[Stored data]
------------------------------------------------------------

text \<open>The new node on level beta is inserted above the last node below x under level beta and
below the cone of the first node below x above level beta.\<close>

lemma cond_add_predecessor:
  assumes cond: "is_cond T p" and x: "x \<in> c_u p" "Some \<beta> < ht x"
  shows "\<exists>q. is_cond T q \<and> cle p q \<and> (\<exists>y. c_lt q y x \<and> ht y = Some \<beta>)"
proof (cases "\<exists>y. c_lt p y x \<and> ht y = Some \<beta>")
  case True
  then show ?thesis using cond cle_refl by blast
next
  case False
  obtain u v l col where p: "p = (u, v, l, col)" by (cases p)
  interpret meet_tree u l using meet_tree_cond[OF cond] by (simp add: p)
  have "finite u" using cond by (simp add: p is_cond_def)
  moreover have "x \<in> u" "\<nexists>y. l y x \<and> ht y = Some \<beta>" using x(1) False by (simp_all add: p)
  ultimately obtain a b where ab: "l a b" "tleq l b x" "ht a < Some \<beta>" "Some \<beta> < ht b"
    and between: "\<And>y. l y b \<Longrightarrow> tleq l y a"
    using predecessor_gap x(2) by blast
  obtain n where w: "Some (\<beta>, n) \<notin> u" using fresh_node[OF \<open>finite u\<close>] by blast
  define B where "B = {z. tleq l b z}"
  have "node_insertion u l (Some (\<beta>, n)) a B"
  proof unfold_locales
    show "Some (\<beta>, n) \<notin> u" "a \<in> u" "ht a < ht (Some (\<beta>, n))" "B \<subseteq> u"
      using w ab l_field by (auto simp: B_def tleq_def)
    show "l a z \<and> ht (Some (\<beta>, n)) < ht z" if "z \<in> B" for z
      using that ab l_trans tleq_ht[of b z] by (auto simp: B_def tleq_def)
    show "y \<in> B \<or> tleq l y a" if "z \<in> B" "l y z" for y z
      using that between l_below_linear[of z y b] l_field by (auto simp: B_def tleq_def)
    show "z' \<in> B" if "z \<in> B" "l z z'" for z z'
      using that l_trans by (auto simp: B_def tleq_def)
    show "tmeet l z1 z2 \<in> B" if "z1 \<in> B" "z2 \<in> B" "z1 \<noteq> z2" for z1 z2
      using that is_meet_tmeet[of z1 z2] l_field by (auto simp: B_def is_meet_def tleq_def)
  qed
  then obtain col' where "is_cond T (insert (Some (\<beta>, n)) u, v, ins_lt l (Some (\<beta>, n)) a B, col')"
    "cle p (insert (Some (\<beta>, n)) u, v, ins_lt l (Some (\<beta>, n)) a B, col')"
    using cond_insert_node cond unfolding p by blast
  moreover have "ins_lt l (Some (\<beta>, n)) a B (Some (\<beta>, n)) x"
    using ab(2) by (simp add: ins_lt_def B_def)
  ultimately show ?thesis by (metis cond_sel(3) ht_Some)
qed
lemma s_op_GT:
  assumes G: "GT_triangle n Z" and k: "1 \<le> k" "k + 1 \<le> n"
  shows "GT_triangle n (s_op k Z)"
  unfolding GT_triangle_def
proof (rule conjI; intro allI impI)
  fix i j assume t: "in_tri n i j"
  show "1 \<le> s_op k Z i j"
  proof (cases "i = k")
    case True
    then have "1 \<le> Z (k+1) j" using GT_triangle_pos[OF G] t k by (simp add: in_tri_def)
    then show ?thesis using s_op_interlace[OF G k, of j] t True by (simp add: in_tri_def)
  next
    case False
    then show ?thesis using GT_triangle_pos[OF G t] by (simp add: s_op_def)
  qed
next
  fix i j assume h: "1 \<le> j \<and> j \<le> i \<and> i + 1 \<le> n"
  consider "i = k" | "i + 1 = k" | "i \<noteq> k" "i + 1 \<noteq> k" by blast
  then show "s_op k Z (i+1) j \<le> s_op k Z i j \<and> s_op k Z i j \<le> s_op k Z (i+1) (j+1)"
  proof cases
    case 1
    then show ?thesis using s_op_interlace[OF G k, of j] h by (simp add: s_op_def)
  next
    case 2
    then show ?thesis
      using s_op_interlace[OF G k, of j] s_op_interlace[OF G k, of "j+1"] h by (auto simp: s_op_def)
  next
    case 3
    then show ?thesis using GT_triangle_interlace[OF G, of j i] h by (simp add: s_op_def)
  qed
qed

lemma omega_op_GT: "GT_triangle n X \<Longrightarrow> m + 1 \<le> n \<Longrightarrow> GT_triangle n (omega_op m X)"
  by (induction m) (simp_all add: omega_op.simps(2) s_op_GT)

------------------------------------------------------------

§ INSTRUCTIONS FOR THE TASK: Throughout the data above, report every line that contains the string "lemma".

§ WRITTEN REPLY:
lemma cond_add_predecessor:
lemma s_op_GT:
lemma omega_op_GT: "GT_triangle n X \<Longrightarrow> m + 1 \<le> n \<Longrightarrow> GT_triangle n (omega_op m X)"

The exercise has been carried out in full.